HRI 的社交與認知面較不成熟但發展更快。LLM 已成為自然互動的主導使能技術,CHI 2026 的 86 篇論文系統性回顧記錄了領域採用的速度——同時指出研究碎片化且以人為本的考量落後。核心洞察是 LLM 給了機器人以前所缺乏的東西:從語言理解語境的能力。聽到「把藍色杯子旁邊的東西遞給我」的機器人,能將其解析為有根據的空間指涉,而不是在從未訓練過的語法上失敗。
多模態感知將物理和社交線索聯繫在一起。真實環境中的機器人需要整合視覺、音訊、語言和觸覺來理解人類在做什麼及需要什麼。MPDDM 框架的 20 年調查顯示各模態的持續進展和增長的整合研究——但泛化依然是未解問題。在受控實驗室環境訓練的模型,部署到真實家庭、醫院或工廠時就會失敗。這與 VLA 研究中出現的差距(模擬 vs. 真實世界性能)相同,根本原因可能相同:訓練資料和部署環境之間的分佈偏移。

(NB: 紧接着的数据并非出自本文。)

text \<open>No side condition is needed: for \<open>t \<ge> m\<close> or \<open>t \<ge> N\<close> both sides vanish, by truncated
  subtraction and \<open>x / 0 = 0\<close>.\<close>
lemma inclusion_prob_Suc:
  "inclusion_prob N m (Suc t) = inclusion_prob N m t * (real (m - t) / real (N - t))"
proof -
  have choose_Suc: "real (n choose Suc t) = real (n choose t) * real (n - t) / real (Suc t)" for n
  proof -
    have "(n choose Suc t) * Suc t = (n choose t) * (n - t)"
      by (metis binomial_absorb_comp binomial_absorption mult.commute)
    then show ?thesis by (simp add: field_simps flip: of_nat_mult)
  qed
  show ?thesis by (simp add: inclusion_prob_def choose_Suc)
qed

lemma diff_ratio_Suc_le:
  assumes "m \<le> N"
  shows "real (m - Suc t) / real (N - Suc t) \<le> real (m - t) / real (N - t)"
proof (cases "Suc t < m")
  case True
  then have "real (m - Suc t) * real (N - t) \<le> real (m - t) * real (N - Suc t)"
    using assms by (simp add: of_nat_diff algebra_simps)
  then show ?thesis using True assms by (simp add: frac_le_eq divide_le_0_iff)
next
  case False
  then show ?thesis by simp
qed

lemma inclusion_prob_Suc_le:
  assumes "m \<le> N"
  shows "inclusion_prob N m (Suc t) \<le> inclusion_prob N m t"
proof -
  have "real (m - t) / real (N - t) \<le> 1"
    using assms by (cases "N - t = 0") (simp_all add: divide_le_eq_1)
  then show ?thesis
    unfolding inclusion_prob_Suc using inclusion_prob_nonneg by (rule mult_left_le)
qed

lemma inclusion_prob_log_concave:
  assumes "m \<le> N"
  shows "inclusion_prob N m (Suc (Suc t)) * inclusion_prob N m t \<le> (inclusion_prob N m (Suc t))\<^sup>2"
proof -
  let ?h = "inclusion_prob N m"
  have "?h (Suc (Suc t)) * ?h t = ?h (Suc t) * ?h t * (real (m - Suc t) / real (N - Suc t))"
    by (simp only: inclusion_prob_Suc[of N m "Suc t"] ac_simps)
  also have "\<dots> \<le> ?h (Suc t) * ?h t * (real (m - t) / real (N - t))"
    using diff_ratio_Suc_le[OF assms] by (intro mult_left_mono) (simp_all add: inclusion_prob_nonneg)
  also have "\<dots> = (?h (Suc t))\<^sup>2"
    by (simp add: inclusion_prob_Suc[of N m t] power2_eq_square)
  finally show ?thesis .
qed

lemma set_pmf_first_index_pmf:
  assumes "\<exists>l\<in>{1..d}. w l \<noteq> 0"
  shows "set_pmf (first_index_pmf d w) \<subseteq> {1..d}"
proof -
  let ?W = "\<Sum>j\<in>{1..d}. \<bar>w j\<bar>"
  let ?f = "\<lambda>i. if i \<in> {1..d} then \<bar>w i\<bar> / ?W else 0"
  obtain l where l: "l \<in> {1..d}" "w l \<noteq> 0" using assms by blast
  have "\<bar>w l\<bar> \<le> ?W" using l by (intro member_le_sum) auto
  then have W_pos: "?W > 0" using l by simp
  then have nonneg: "\<And>i. 0 \<le> ?f i" by simp
  have "(\<integral>\<^sup>+ x. ennreal (?f x) \<partial>count_space UNIV) = (\<Sum>x\<in>{1..d}. ennreal (?f x))"
    by (rule nn_integral_count_space') auto
  also have "\<dots> = ennreal (\<Sum>x\<in>{1..d}. \<bar>w x\<bar> / ?W)"
    using nonneg by (simp add: sum_ennreal)
  also have "(\<Sum>x\<in>{1..d}. \<bar>w x\<bar> / ?W) = 1"
    using W_pos by (simp add: sum_divide_distrib[symmetric])
  finally have total: "(\<integral>\<^sup>+ x. ennreal (?f x) \<partial>count_space UNIV) = 1" by simp
  show ?thesis
    unfolding first_index_pmf_def set_embed_pmf[OF nonneg total] by auto
qed

lemma measure_bind_pmf:
  "measure_pmf.prob (bind_pmf p f) A = (\<integral>x. measure_pmf.prob (f x) A \<partial>measure_pmf p)"
  unfolding measure_pmf_bind
  by (rule measure_pmf.measure_bind[where N="count_space UNIV"])
     (auto simp: space_subprob_algebra measure_pmf.subprob_space_axioms)

lemma integral_measure_pmf_if:
  fixes \<alpha> \<beta> :: real
  shows "(\<integral>x. (if x \<in> A then \<alpha> else \<beta>) \<partial>measure_pmf p)
         = \<alpha> * measure_pmf.prob p A + \<beta> * (1 - measure_pmf.prob p A)"
proof -
  have if_eq: "(\<lambda>x. if x \<in> A then \<alpha> else \<beta>) = (\<lambda>x. \<beta> + (\<alpha> - \<beta>) * indicator A x)"
    by (auto simp: indicator_def)
  have "(\<integral>x. (if x \<in> A then \<alpha> else \<beta>) \<partial>measure_pmf p) = \<beta> + (\<alpha> - \<beta>) * measure_pmf.prob p A"
    unfolding if_eq
    by (subst Bochner_Integration.integral_add)
       (auto simp: measure_pmf.prob_space measure_pmf.emeasure_eq_measure
             intro!: integrable_real_indicator)
  then show ?thesis by (simp add: algebra_simps)
qed

lemma prob_insert_uniform_subset_contains:
  assumes U: "finite U" and "x \<notin> U" and S: "S \<subseteq> insert x U" and m: "m \<le> card U"
  shows "measure_pmf.prob (map_pmf (insert x) (pmf_of_set {A. A \<subseteq> U \<and> card A = m}))
           {B. S \<subseteq> B}
         = inclusion_prob (card U) m (card (S - {x}))"
proof -
  have "measure_pmf.prob (pmf_of_set {A. A \<subseteq> U \<and> card A = m}) (insert x -` {B. S \<subseteq> B})
      = measure_pmf.prob (pmf_of_set {A. A \<subseteq> U \<and> card A = m}) {A. S - {x} \<subseteq> A}"
    by (intro arg_cong[where f = "measure_pmf.prob _"]) auto
  also have "\<dots> = inclusion_prob (card U) m (card (S - {x}))"
    using S by (intro prob_uniform_subset_contains U m) auto
  finally show ?thesis by simp
qed

lemma prob_sampling_pmf_superset:
  assumes nz: "\<exists>l\<in>{1..d}. w l \<noteq> 0" and S: "S \<subseteq> {1..d}" and kd: "k \<le> d"
  defines "Q \<equiv> measure_pmf.prob (first_index_pmf d w) S"
  shows "measure_pmf.prob (sampling_pmf k d w) {B. S \<subseteq> B}
         = inclusion_prob (d - 1) (k - 1) (card S - 1) * Q
           + inclusion_prob (d - 1) (k - 1) (card S) * (1 - Q)"
proof -
  let ?h = "inclusion_prob (d - 1) (k - 1)"
  have "AE x in measure_pmf (first_index_pmf d w).
      measure_pmf.prob (map_pmf (insert x) (pmf_of_set {A. A \<subseteq> {1..d} - {x} \<and> card A = k - 1}))
        {B. S \<subseteq> B}
      = (if x \<in> S then ?h (card S - 1) else ?h (card S))"
  proof (rule AE_pmfI)
    fix x assume "x \<in> set_pmf (first_index_pmf d w)"
    then have x: "x \<in> {1..d}" using set_pmf_first_index_pmf[OF nz] by blast
    have "finite S" using S finite_subset by blast
    moreover have "card ({1..d} - {x}) = d - 1" using x by simp
    ultimately show "measure_pmf.prob (map_pmf (insert x)
          (pmf_of_set {A. A \<subseteq> {1..d} - {x} \<and> card A = k - 1})) {B. S \<subseteq> B}
        = (if x \<in> S then ?h (card S - 1) else ?h (card S))"
      using x S kd by (subst prob_insert_uniform_subset_contains) auto
  qed
  then have "(\<integral>x. measure_pmf.prob (map_pmf (insert x)
        (pmf_of_set {A. A \<subseteq> {1..d} - {x} \<and> card A = k - 1})) {B. S \<subseteq> B}
      \<partial>measure_pmf (first_index_pmf d w))
    = (\<integral>x. (if x \<in> S then ?h (card S - 1) else ?h (card S)) \<partial>measure_pmf (first_index_pmf d w))"
    by (intro integral_cong_AE) simp_all
  then show ?thesis
    unfolding sampling_pmf_def measure_bind_pmf Q_def integral_measure_pmf_if .
qed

VLN 調查增加了純機器人研究中常常忽略的維度:互動是雙向的。人類不只是發出指令——他們根據機器人的行為調整指令,提出後續問題,並期望機器人在困惑時發出信號。現有系統不支持這一點。建構雙向 HRI 系統需要解決不確定性量化(機器人何時知道自己不知道?)、主動溝通(機器人如何在不令人惱火的情況下提問?)和對話中的話輪轉換(人機對話如何在多次交流中保持連貫性?)。
領域正處於轉折點。技術能力——LLM、多模態感知、靈巧操作——已大幅提升。現在的限制因素是以人為本的:信任、接受度、適當的自主性,以及衡量真正重要事項的評估方法論(人類喜歡和這個機器人共事嗎?),而非衡量容易測量的東西(機器人完成任務了嗎?)。